◆ Saved entries:
☆ ☆ ☆ ☆ ☆ ☆ ☆

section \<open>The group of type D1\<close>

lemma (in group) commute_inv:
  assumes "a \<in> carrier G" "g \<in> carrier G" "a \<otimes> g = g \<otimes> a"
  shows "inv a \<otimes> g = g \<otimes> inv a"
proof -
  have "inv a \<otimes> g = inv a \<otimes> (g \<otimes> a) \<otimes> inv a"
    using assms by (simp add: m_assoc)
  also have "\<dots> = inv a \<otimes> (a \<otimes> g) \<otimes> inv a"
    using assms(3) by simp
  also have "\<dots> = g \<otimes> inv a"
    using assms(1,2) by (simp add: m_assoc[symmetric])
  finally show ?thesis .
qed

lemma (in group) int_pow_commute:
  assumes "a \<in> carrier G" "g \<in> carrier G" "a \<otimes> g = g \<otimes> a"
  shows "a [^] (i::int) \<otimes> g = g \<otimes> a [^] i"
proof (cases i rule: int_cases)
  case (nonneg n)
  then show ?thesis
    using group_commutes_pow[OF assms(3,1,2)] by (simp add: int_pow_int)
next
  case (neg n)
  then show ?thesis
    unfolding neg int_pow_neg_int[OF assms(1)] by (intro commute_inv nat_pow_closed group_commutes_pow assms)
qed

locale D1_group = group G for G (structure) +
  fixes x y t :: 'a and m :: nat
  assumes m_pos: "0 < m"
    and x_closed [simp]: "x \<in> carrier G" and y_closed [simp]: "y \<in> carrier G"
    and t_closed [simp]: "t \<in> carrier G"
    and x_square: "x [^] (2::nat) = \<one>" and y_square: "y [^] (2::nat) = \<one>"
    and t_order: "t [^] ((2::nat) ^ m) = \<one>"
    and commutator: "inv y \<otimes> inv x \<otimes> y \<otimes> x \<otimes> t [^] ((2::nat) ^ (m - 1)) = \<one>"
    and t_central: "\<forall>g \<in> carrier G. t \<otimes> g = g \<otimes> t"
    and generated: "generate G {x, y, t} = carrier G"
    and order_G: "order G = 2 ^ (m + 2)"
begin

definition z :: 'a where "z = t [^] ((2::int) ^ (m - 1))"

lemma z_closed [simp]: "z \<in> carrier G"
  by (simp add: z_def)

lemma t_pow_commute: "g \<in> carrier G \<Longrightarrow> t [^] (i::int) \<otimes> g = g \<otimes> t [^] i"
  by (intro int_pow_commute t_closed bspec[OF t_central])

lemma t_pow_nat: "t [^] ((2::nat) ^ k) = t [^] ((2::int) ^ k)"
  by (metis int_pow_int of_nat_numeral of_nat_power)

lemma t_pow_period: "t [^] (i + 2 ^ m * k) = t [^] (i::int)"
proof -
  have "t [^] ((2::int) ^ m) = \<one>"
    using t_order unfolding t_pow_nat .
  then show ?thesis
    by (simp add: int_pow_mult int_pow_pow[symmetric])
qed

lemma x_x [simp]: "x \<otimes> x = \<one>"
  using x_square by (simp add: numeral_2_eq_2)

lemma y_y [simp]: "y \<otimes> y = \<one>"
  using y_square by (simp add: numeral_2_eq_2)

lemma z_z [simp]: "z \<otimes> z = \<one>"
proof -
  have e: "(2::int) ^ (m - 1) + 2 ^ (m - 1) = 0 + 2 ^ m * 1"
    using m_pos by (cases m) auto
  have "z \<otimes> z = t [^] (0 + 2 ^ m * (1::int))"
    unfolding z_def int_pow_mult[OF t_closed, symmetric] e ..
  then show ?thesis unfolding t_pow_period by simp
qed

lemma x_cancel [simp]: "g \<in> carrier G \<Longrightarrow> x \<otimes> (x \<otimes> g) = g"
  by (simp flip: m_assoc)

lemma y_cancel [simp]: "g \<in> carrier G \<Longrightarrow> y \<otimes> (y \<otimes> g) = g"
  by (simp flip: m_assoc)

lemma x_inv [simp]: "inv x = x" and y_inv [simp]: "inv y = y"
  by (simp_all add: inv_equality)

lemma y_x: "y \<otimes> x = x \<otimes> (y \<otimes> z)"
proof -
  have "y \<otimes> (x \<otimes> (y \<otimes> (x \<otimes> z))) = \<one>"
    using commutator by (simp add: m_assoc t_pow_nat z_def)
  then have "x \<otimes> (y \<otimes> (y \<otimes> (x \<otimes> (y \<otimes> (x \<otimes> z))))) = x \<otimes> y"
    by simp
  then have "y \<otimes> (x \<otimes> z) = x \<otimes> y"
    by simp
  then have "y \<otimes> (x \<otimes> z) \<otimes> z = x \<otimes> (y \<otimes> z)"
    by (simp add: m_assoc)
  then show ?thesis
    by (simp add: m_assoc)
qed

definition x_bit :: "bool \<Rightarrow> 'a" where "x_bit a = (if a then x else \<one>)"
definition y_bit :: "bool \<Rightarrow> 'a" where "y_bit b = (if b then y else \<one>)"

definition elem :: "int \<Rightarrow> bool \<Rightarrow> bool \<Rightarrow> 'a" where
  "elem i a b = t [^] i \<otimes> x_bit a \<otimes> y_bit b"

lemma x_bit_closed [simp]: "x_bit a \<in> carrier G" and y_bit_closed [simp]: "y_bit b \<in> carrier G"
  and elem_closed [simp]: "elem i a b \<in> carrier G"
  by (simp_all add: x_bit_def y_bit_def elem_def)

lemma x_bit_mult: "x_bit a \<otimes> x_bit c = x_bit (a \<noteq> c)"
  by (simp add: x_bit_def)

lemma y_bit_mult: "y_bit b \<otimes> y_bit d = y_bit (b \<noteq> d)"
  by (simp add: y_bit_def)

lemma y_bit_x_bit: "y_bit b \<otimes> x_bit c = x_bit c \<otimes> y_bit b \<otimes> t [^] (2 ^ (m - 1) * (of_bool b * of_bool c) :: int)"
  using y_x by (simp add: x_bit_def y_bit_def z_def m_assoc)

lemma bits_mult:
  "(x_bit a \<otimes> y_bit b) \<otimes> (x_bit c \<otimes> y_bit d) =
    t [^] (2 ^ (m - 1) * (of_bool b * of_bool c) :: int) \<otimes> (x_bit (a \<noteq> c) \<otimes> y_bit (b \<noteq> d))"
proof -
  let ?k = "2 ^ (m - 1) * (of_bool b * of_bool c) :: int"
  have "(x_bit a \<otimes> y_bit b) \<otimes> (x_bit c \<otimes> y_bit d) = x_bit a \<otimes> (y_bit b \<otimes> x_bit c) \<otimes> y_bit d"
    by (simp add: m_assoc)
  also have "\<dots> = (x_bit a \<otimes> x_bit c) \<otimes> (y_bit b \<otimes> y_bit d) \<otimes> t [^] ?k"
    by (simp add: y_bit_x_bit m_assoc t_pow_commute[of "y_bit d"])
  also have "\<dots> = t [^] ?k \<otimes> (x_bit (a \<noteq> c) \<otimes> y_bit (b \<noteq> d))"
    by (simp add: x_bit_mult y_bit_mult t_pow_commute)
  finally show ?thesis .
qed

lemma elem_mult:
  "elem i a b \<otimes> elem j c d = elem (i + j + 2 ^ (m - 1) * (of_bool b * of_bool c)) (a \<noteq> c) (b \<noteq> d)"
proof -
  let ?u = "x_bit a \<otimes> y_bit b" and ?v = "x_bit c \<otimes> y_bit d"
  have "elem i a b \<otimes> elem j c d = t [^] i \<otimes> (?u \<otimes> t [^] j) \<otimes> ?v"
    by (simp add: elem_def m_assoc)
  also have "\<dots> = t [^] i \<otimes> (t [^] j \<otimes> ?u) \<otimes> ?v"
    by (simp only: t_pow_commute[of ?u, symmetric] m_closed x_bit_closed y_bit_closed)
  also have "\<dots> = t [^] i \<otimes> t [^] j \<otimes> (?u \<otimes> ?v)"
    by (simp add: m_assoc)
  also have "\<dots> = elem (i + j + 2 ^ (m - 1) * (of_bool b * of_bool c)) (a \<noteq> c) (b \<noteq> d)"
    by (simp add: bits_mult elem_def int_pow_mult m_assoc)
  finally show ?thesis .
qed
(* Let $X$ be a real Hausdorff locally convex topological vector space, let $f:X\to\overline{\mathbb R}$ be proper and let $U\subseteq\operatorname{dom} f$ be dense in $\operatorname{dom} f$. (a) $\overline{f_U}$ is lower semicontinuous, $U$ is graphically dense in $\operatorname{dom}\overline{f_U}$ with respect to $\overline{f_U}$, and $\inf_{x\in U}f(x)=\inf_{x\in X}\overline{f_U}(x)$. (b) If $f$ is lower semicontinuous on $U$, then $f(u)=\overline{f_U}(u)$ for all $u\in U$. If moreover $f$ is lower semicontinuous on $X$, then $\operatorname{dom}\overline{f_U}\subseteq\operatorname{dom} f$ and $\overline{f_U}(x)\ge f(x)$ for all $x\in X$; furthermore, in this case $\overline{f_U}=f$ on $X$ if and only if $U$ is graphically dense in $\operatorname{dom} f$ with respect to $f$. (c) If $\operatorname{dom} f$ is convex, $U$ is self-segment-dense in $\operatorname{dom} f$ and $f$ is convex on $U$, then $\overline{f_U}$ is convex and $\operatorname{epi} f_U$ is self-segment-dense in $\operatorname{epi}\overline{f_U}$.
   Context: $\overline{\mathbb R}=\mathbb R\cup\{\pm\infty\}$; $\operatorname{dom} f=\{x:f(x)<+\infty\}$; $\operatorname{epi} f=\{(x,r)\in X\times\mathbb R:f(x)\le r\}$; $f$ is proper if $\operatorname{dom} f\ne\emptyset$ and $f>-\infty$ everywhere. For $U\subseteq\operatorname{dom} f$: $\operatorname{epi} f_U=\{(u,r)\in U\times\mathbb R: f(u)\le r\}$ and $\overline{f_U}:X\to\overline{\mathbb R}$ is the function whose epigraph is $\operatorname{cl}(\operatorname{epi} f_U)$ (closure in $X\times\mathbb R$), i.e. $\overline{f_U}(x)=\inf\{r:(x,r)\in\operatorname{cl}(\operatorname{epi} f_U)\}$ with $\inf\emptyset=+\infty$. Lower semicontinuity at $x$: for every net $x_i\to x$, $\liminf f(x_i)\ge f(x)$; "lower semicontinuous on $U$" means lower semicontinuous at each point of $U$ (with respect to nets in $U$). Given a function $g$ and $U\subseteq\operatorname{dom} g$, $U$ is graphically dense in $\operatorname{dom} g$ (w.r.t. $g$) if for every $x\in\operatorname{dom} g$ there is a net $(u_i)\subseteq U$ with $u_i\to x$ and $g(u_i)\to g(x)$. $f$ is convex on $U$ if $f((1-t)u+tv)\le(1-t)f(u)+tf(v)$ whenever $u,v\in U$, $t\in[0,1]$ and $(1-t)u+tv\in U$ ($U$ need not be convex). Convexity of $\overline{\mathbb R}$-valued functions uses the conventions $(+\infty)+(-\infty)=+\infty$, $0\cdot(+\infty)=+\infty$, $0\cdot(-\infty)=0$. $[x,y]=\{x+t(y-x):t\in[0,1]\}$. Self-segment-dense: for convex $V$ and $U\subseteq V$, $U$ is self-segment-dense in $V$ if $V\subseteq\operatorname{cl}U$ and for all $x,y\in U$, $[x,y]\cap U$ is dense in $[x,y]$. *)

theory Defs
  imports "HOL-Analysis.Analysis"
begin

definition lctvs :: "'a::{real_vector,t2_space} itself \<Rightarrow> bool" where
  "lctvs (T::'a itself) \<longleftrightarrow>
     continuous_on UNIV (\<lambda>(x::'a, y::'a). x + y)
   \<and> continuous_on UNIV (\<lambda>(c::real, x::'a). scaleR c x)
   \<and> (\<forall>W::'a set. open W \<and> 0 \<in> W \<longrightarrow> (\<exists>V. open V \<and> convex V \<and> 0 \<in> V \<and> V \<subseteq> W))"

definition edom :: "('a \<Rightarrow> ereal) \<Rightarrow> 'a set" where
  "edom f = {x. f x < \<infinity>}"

☆ ☆ ☆ ☆ ☆ ☆ ☆

◆ WHAT IS BEING ASKED: Check the lines above and copy each one that includes "assms".

◆ EXPECTED ANSWER:
    using assms by (simp add: m_assoc)
    using assms(3) by simp
    using assms(1,2) by (simp add: m_assoc[symmetric])
    using group_commutes_pow[OF assms(3,1,2)] by (simp add: int_pow_int)
    unfolding neg int_pow_neg_int[OF assms(1)] by (intro commute_inv nat_pow_closed group_commutes_pow assms)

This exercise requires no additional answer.